* The problem
Each record needs to be echoed exactly; can you do that?

(Saved entries)
────────

(* Let $\mathcal{A}$ be the greedy algorithm. Then for every $\ell\in[n]$, $$\mathbb{E}[v(\mathcal{A}(U^{\le\ell}))]\ \ge\ \alpha_\ell\,\frac{\ell}{n}\,v(\mathrm{OPT}),\qquad \alpha_\ell=1-\frac{\ell}{en}-\frac{1}{ek}.$$
   Context: Let $U$ be a finite ground set of $n$ items and $k\ge1$ an integer. Let $v\colon 2^U\to\mathbb{R}_{\ge0}$ be monotone and submodular, and $\mathrm{OPT}\in\arg\max\{v(S): S\subseteq U, |S|\le k\}$. The items arrive one per round in a uniformly random order; $U^{\le \ell}$ denotes the set of items arriving in rounds $1,\dots,\ell$. The greedy algorithm, given $L\subseteq U$, starts from $\emptyset$ and repeatedly adds an item of $L$ with maximum marginal increase $v(S\cup\{x\})-v(S)$ (ties broken by a fixed rule depending only on the items) until $\min(k,|L|)$ items are chosen; $\mathcal{A}(L)$ denotes its output. *)

theory Defs
  imports "HOL-Probability.Probability" "HOL-Combinatorics.Multiset_Permutations"
begin

definition monotone_setfun :: "'a set \<Rightarrow> ('a set \<Rightarrow> real) \<Rightarrow> bool" where
  "monotone_setfun U v \<longleftrightarrow> (\<forall>A B. A \<subseteq> B \<and> B \<subseteq> U \<longrightarrow> v A \<le> v B)"

definition submodular_setfun :: "'a set \<Rightarrow> ('a set \<Rightarrow> real) \<Rightarrow> bool" where
  "submodular_setfun U v \<longleftrightarrow>
     (\<forall>A B x. A \<subseteq> B \<and> B \<subseteq> U \<and> x \<in> U - B \<longrightarrow>
        v (insert x B) - v B \<le> v (insert x A) - v A)"

definition nonneg_setfun :: "'a set \<Rightarrow> ('a set \<Rightarrow> real) \<Rightarrow> bool" where
  "nonneg_setfun U v \<longleftrightarrow> (\<forall>S. S \<subseteq> U \<longrightarrow> 0 \<le> v S)"

definition greedy_cands :: "('a set \<Rightarrow> real) \<Rightarrow> 'a set \<Rightarrow> 'a set \<Rightarrow> 'a set" where
  "greedy_cands v L S =
     {x \<in> L - S. \<forall>y \<in> L - S. v (insert y S) - v S \<le> v (insert x S) - v S}"

definition greedy_step :: "('a set \<Rightarrow> real) \<Rightarrow> ('a set \<Rightarrow> 'a) \<Rightarrow> 'a set \<Rightarrow> 'a set \<Rightarrow> 'a set" where
  "greedy_step v tb L S = insert (tb (greedy_cands v L S)) S"

definition greedy :: "('a set \<Rightarrow> real) \<Rightarrow> ('a set \<Rightarrow> 'a) \<Rightarrow> nat \<Rightarrow> 'a set \<Rightarrow> 'a set" where
  "greedy v tb k L = (greedy_step v tb L ^^ min k (card L)) {}"

end

theory Submission
  imports Defs
begin

text \<open>Let L be the random prefix and T = OPT \<inter> L. Greedy with budget k on L closes the gap to
  v(T) by a factor 1 - 1/|T| per step, and (1 - 1/|T|)^k \<le> |T|/(ek), so it recovers
  (1 - |T|/(ek)) v(T). Writing v(OPT) = v({}) + (\<Sum>x\<in>OPT. \<Delta> x) with nonnegative marginal
  weights that underestimate v on every subset of OPT, it remains to bound the expectations of
  1 - |T|/(ek) and of (1 - |T|/(ek)) [x \<in> L] from below by the coefficient of v(OPT) in the
  statement; this needs only P(x \<in> L) = l/n and P(x, y \<in> L) \<le> (l/n)^2 for x \<noteq> y.\<close>

lemma monotone_setfunD:
  "monotone_setfun U v \<Longrightarrow> A \<subseteq> B \<Longrightarrow> B \<subseteq> U \<Longrightarrow> v A \<le> v B"
  unfolding monotone_setfun_def by blast

lemma submodular_setfunD:
  "submodular_setfun U v \<Longrightarrow> A \<subseteq> B \<Longrightarrow> B \<subseteq> U \<Longrightarrow> x \<in> U \<Longrightarrow> x \<notin> B \<Longrightarrow>
     v (insert x B) - v B \<le> v (insert x A) - v A"
  unfolding submodular_setfun_def by blast

lemma nonneg_setfunD:
  "nonneg_setfun U v \<Longrightarrow> S \<subseteq> U \<Longrightarrow> 0 \<le> v S"
  unfolding nonneg_setfun_def by blast

lemma submodular_union_le_sum_gains:
  assumes submod: "submodular_setfun U v" and "finite W"
    and "S \<subseteq> U" "W \<subseteq> U" "S \<inter> W = {}"
  shows "v (S \<union> W) \<le> v S + (\<Sum>t\<in>W. v (insert t S) - v S)"
  using \<open>finite W\<close> assms(3-5)
proof (induction W rule: finite_induct)
  case empty
  then show ?case by simp
next
  case (insert t W)
  then have "v (insert t (S \<union> W)) - v (S \<union> W) \<le> v (insert t S) - v S"
    by (intro submodular_setfunD[OF submod]) auto
  with insert show ?case by simp
qed

text \<open>Adding the elements of X one at a time gives nonnegative weights summing to the total gain;
  by submodularity, each subset Y of X gains at least the weights of its elements.\<close>

lemma submodular_marginal_weights:
  assumes mono: "monotone_setfun U v" and submod: "submodular_setfun U v"
    and "finite X" "X \<subseteq> U"
  shows "\<exists>\<Delta>. (\<forall>x\<in>X. 0 \<le> \<Delta> x) \<and> v X = v {} + sum \<Delta> X
            \<and> (\<forall>Y. Y \<subseteq> X \<longrightarrow> v {} + sum \<Delta> Y \<le> v Y)"
  using \<open>finite X\<close> \<open>X \<subseteq> U\<close>
proof (induction X rule: finite_induct)
  case empty
  then show ?case by auto
next
  case (insert a X)
  then obtain \<Delta> where \<Delta>: "\<forall>x\<in>X. 0 \<le> \<Delta> x" "v X = v {} + sum \<Delta> X"
    "\<forall>Y. Y \<subseteq> X \<longrightarrow> v {} + sum \<Delta> Y \<le> v Y" by auto
  define \<Delta>' where "\<Delta>' = \<Delta>(a := v (insert a X) - v X)"
  have sum_\<Delta>': "sum \<Delta>' Y = sum \<Delta> Y" if "Y \<subseteq> X" for Y
    using that insert.hyps(2) by (intro sum.cong) (auto simp: \<Delta>'_def)
  have "v X \<le> v (insert a X)"
    using insert.prems by (intro monotone_setfunD[OF mono]) auto
  then have "\<forall>x\<in>insert a X. 0 \<le> \<Delta>' x"
    using \<Delta>(1) insert.hyps(2) by (auto simp: \<Delta>'_def)
  moreover have "v (insert a X) = v {} + sum \<Delta>' (insert a X)"
    using insert.hyps \<Delta>(2) sum_\<Delta>'[of X] by (simp add: \<Delta>'_def)
  moreover have "v {} + sum \<Delta>' Y \<le> v Y" if Y: "Y \<subseteq> insert a X" for Y
  proof (cases "a \<in> Y")
    case False
    then have "Y \<subseteq> X" using Y by auto
    then show ?thesis using \<Delta>(3) sum_\<Delta>'[of Y] by simp
  next
    case True
    define Y' where "Y' = Y - {a}"
    have Y': "Y' \<subseteq> X" "Y = insert a Y'" "a \<notin> Y'" "finite Y'"
      using Y True insert.hyps(1) by (auto simp: Y'_def intro: finite_subset)
    have "v (insert a X) - v X \<le> v (insert a Y') - v Y'"
      using insert Y'(1) by (intro submodular_setfunD[OF submod]) auto
    moreover have "v {} + sum \<Delta> Y' \<le> v Y'" using \<Delta>(3) Y'(1) by blast
    ultimately show ?thesis using Y' sum_\<Delta>'[of Y'] by (simp add: \<Delta>'_def)
  qed
  ultimately show ?case by (intro exI[of _ \<Delta>']) blast
qed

────────

* Task result
(* Let $\mathcal{A}$ be the greedy algorithm. Then for every $\ell\in[n]$, $$\mathbb{E}[v(\mathcal{A}(U^{\le\ell}))]\ \ge\ \alpha_\ell\,\frac{\ell}{n}\,v(\mathrm{OPT}),\qquad \alpha_\ell=1-\frac{\ell}{en}-\frac{1}{ek}.$$
   Context: Let $U$ be a finite ground set of $n$ items and $k\ge1$ an integer. Let $v\colon 2^U\to\mathbb{R}_{\ge0}$ be monotone and submodular, and $\mathrm{OPT}\in\arg\max\{v(S): S\subseteq U, |S|\le k\}$. The items arrive one per round in a uniformly random order; $U^{\le \ell}$ denotes the set of items arriving in rounds $1,\dots,\ell$. The greedy algorithm, given $L\subseteq U$, starts from $\emptyset$ and repeatedly adds an item of $L$ with maximum marginal increase $v(S\cup\{x\})-v(S)$ (ties broken by a fixed rule depending only on the items) until $\min(k,|L|)$ items are chosen; $\mathcal{A}(L)$ denotes its output. *)

theory Defs
  imports "HOL-Probability.Probability" "HOL-Combinatorics.Multiset_Permutations"
begin

definition monotone_setfun :: "'a set \<Rightarrow> ('a set \<Rightarrow> real) \<Rightarrow> bool" where
  "monotone_setfun U v \<longleftrightarrow> (\<forall>A B. A \<subseteq> B \<and> B \<subseteq> U \<longrightarrow> v A \<le> v B)"

definition submodular_setfun :: "'a set \<Rightarrow> ('a set \<Rightarrow> real) \<Rightarrow> bool" where
  "submodular_setfun U v \<longleftrightarrow>
     (\<forall>A B x. A \<subseteq> B \<and> B \<subseteq> U \<and> x \<in> U - B \<longrightarrow>
        v (insert x B) - v B \<le> v (insert x A) - v A)"

definition nonneg_setfun :: "'a set \<Rightarrow> ('a set \<Rightarrow> real) \<Rightarrow> bool" where
  "nonneg_setfun U v \<longleftrightarrow> (\<forall>S. S \<subseteq> U \<longrightarrow> 0 \<le> v S)"

definition greedy_cands :: "('a set \<Rightarrow> real) \<Rightarrow> 'a set \<Rightarrow> 'a set \<Rightarrow> 'a set" where
  "greedy_cands v L S =
     {x \<in> L - S. \<forall>y \<in> L - S. v (insert y S) - v S \<le> v (insert x S) - v S}"

definition greedy_step :: "('a set \<Rightarrow> real) \<Rightarrow> ('a set \<Rightarrow> 'a) \<Rightarrow> 'a set \<Rightarrow> 'a set \<Rightarrow> 'a set" where
  "greedy_step v tb L S = insert (tb (greedy_cands v L S)) S"

definition greedy :: "('a set \<Rightarrow> real) \<Rightarrow> ('a set \<Rightarrow> 'a) \<Rightarrow> nat \<Rightarrow> 'a set \<Rightarrow> 'a set" where
  "greedy v tb k L = (greedy_step v tb L ^^ min k (card L)) {}"

end

theory Submission
  imports Defs
begin

text \<open>Let L be the random prefix and T = OPT \<inter> L. Greedy with budget k on L closes the gap to
  v(T) by a factor 1 - 1/|T| per step, and (1 - 1/|T|)^k \<le> |T|/(ek), so it recovers
  (1 - |T|/(ek)) v(T). Writing v(OPT) = v({}) + (\<Sum>x\<in>OPT. \<Delta> x) with nonnegative marginal
  weights that underestimate v on every subset of OPT, it remains to bound the expectations of
  1 - |T|/(ek) and of (1 - |T|/(ek)) [x \<in> L] from below by the coefficient of v(OPT) in the
  statement; this needs only P(x \<in> L) = l/n and P(x, y \<in> L) \<le> (l/n)^2 for x \<noteq> y.\<close>

lemma monotone_setfunD:
  "monotone_setfun U v \<Longrightarrow> A \<subseteq> B \<Longrightarrow> B \<subseteq> U \<Longrightarrow> v A \<le> v B"
  unfolding monotone_setfun_def by blast

lemma submodular_setfunD:
  "submodular_setfun U v \<Longrightarrow> A \<subseteq> B \<Longrightarrow> B \<subseteq> U \<Longrightarrow> x \<in> U \<Longrightarrow> x \<notin> B \<Longrightarrow>
     v (insert x B) - v B \<le> v (insert x A) - v A"
  unfolding submodular_setfun_def by blast

lemma nonneg_setfunD:
  "nonneg_setfun U v \<Longrightarrow> S \<subseteq> U \<Longrightarrow> 0 \<le> v S"
  unfolding nonneg_setfun_def by blast

lemma submodular_union_le_sum_gains:
  assumes submod: "submodular_setfun U v" and "finite W"
    and "S \<subseteq> U" "W \<subseteq> U" "S \<inter> W = {}"
  shows "v (S \<union> W) \<le> v S + (\<Sum>t\<in>W. v (insert t S) - v S)"
  using \<open>finite W\<close> assms(3-5)
proof (induction W rule: finite_induct)
  case empty
  then show ?case by simp
next
  case (insert t W)
  then have "v (insert t (S \<union> W)) - v (S \<union> W) \<le> v (insert t S) - v S"
    by (intro submodular_setfunD[OF submod]) auto
  with insert show ?case by simp
qed

text \<open>Adding the elements of X one at a time gives nonnegative weights summing to the total gain;
  by submodularity, each subset Y of X gains at least the weights of its elements.\<close>

lemma submodular_marginal_weights:
  assumes mono: "monotone_setfun U v" and submod: "submodular_setfun U v"
    and "finite X" "X \<subseteq> U"
  shows "\<exists>\<Delta>. (\<forall>x\<in>X. 0 \<le> \<Delta> x) \<and> v X = v {} + sum \<Delta> X
            \<and> (\<forall>Y. Y \<subseteq> X \<longrightarrow> v {} + sum \<Delta> Y \<le> v Y)"
  using \<open>finite X\<close> \<open>X \<subseteq> U\<close>
proof (induction X rule: finite_induct)
  case empty
  then show ?case by auto
next
  case (insert a X)
  then obtain \<Delta> where \<Delta>: "\<forall>x\<in>X. 0 \<le> \<Delta> x" "v X = v {} + sum \<Delta> X"
    "\<forall>Y. Y \<subseteq> X \<longrightarrow> v {} + sum \<Delta> Y \<le> v Y" by auto
  define \<Delta>' where "\<Delta>' = \<Delta>(a := v (insert a X) - v X)"
  have sum_\<Delta>': "sum \<Delta>' Y = sum \<Delta> Y" if "Y \<subseteq> X" for Y
    using that insert.hyps(2) by (intro sum.cong) (auto simp: \<Delta>'_def)
  have "v X \<le> v (insert a X)"
    using insert.prems by (intro monotone_setfunD[OF mono]) auto
  then have "\<forall>x\<in>insert a X. 0 \<le> \<Delta>' x"
    using \<Delta>(1) insert.hyps(2) by (auto simp: \<Delta>'_def)
  moreover have "v (insert a X) = v {} + sum \<Delta>' (insert a X)"
    using insert.hyps \<Delta>(2) sum_\<Delta>'[of X] by (simp add: \<Delta>'_def)
  moreover have "v {} + sum \<Delta>' Y \<le> v Y" if Y: "Y \<subseteq> insert a X" for Y
  proof (cases "a \<in> Y")
    case False
    then have "Y \<subseteq> X" using Y by auto
    then show ?thesis using \<Delta>(3) sum_\<Delta>'[of Y] by simp
  next
    case True
    define Y' where "Y' = Y - {a}"
    have Y': "Y' \<subseteq> X" "Y = insert a Y'" "a \<notin> Y'" "finite Y'"
      using Y True insert.hyps(1) by (auto simp: Y'_def intro: finite_subset)
    have "v (insert a X) - v X \<le> v (insert a Y') - v Y'"
      using insert Y'(1) by (intro submodular_setfunD[OF submod]) auto
    moreover have "v {} + sum \<Delta> Y' \<le> v Y'" using \<Delta>(3) Y'(1) by blast
    ultimately show ?thesis using Y' sum_\<Delta>'[of Y'] by (simp add: \<Delta>'_def)
  qed
  ultimately show ?case by (intro exI[of _ \<Delta>']) blast
qed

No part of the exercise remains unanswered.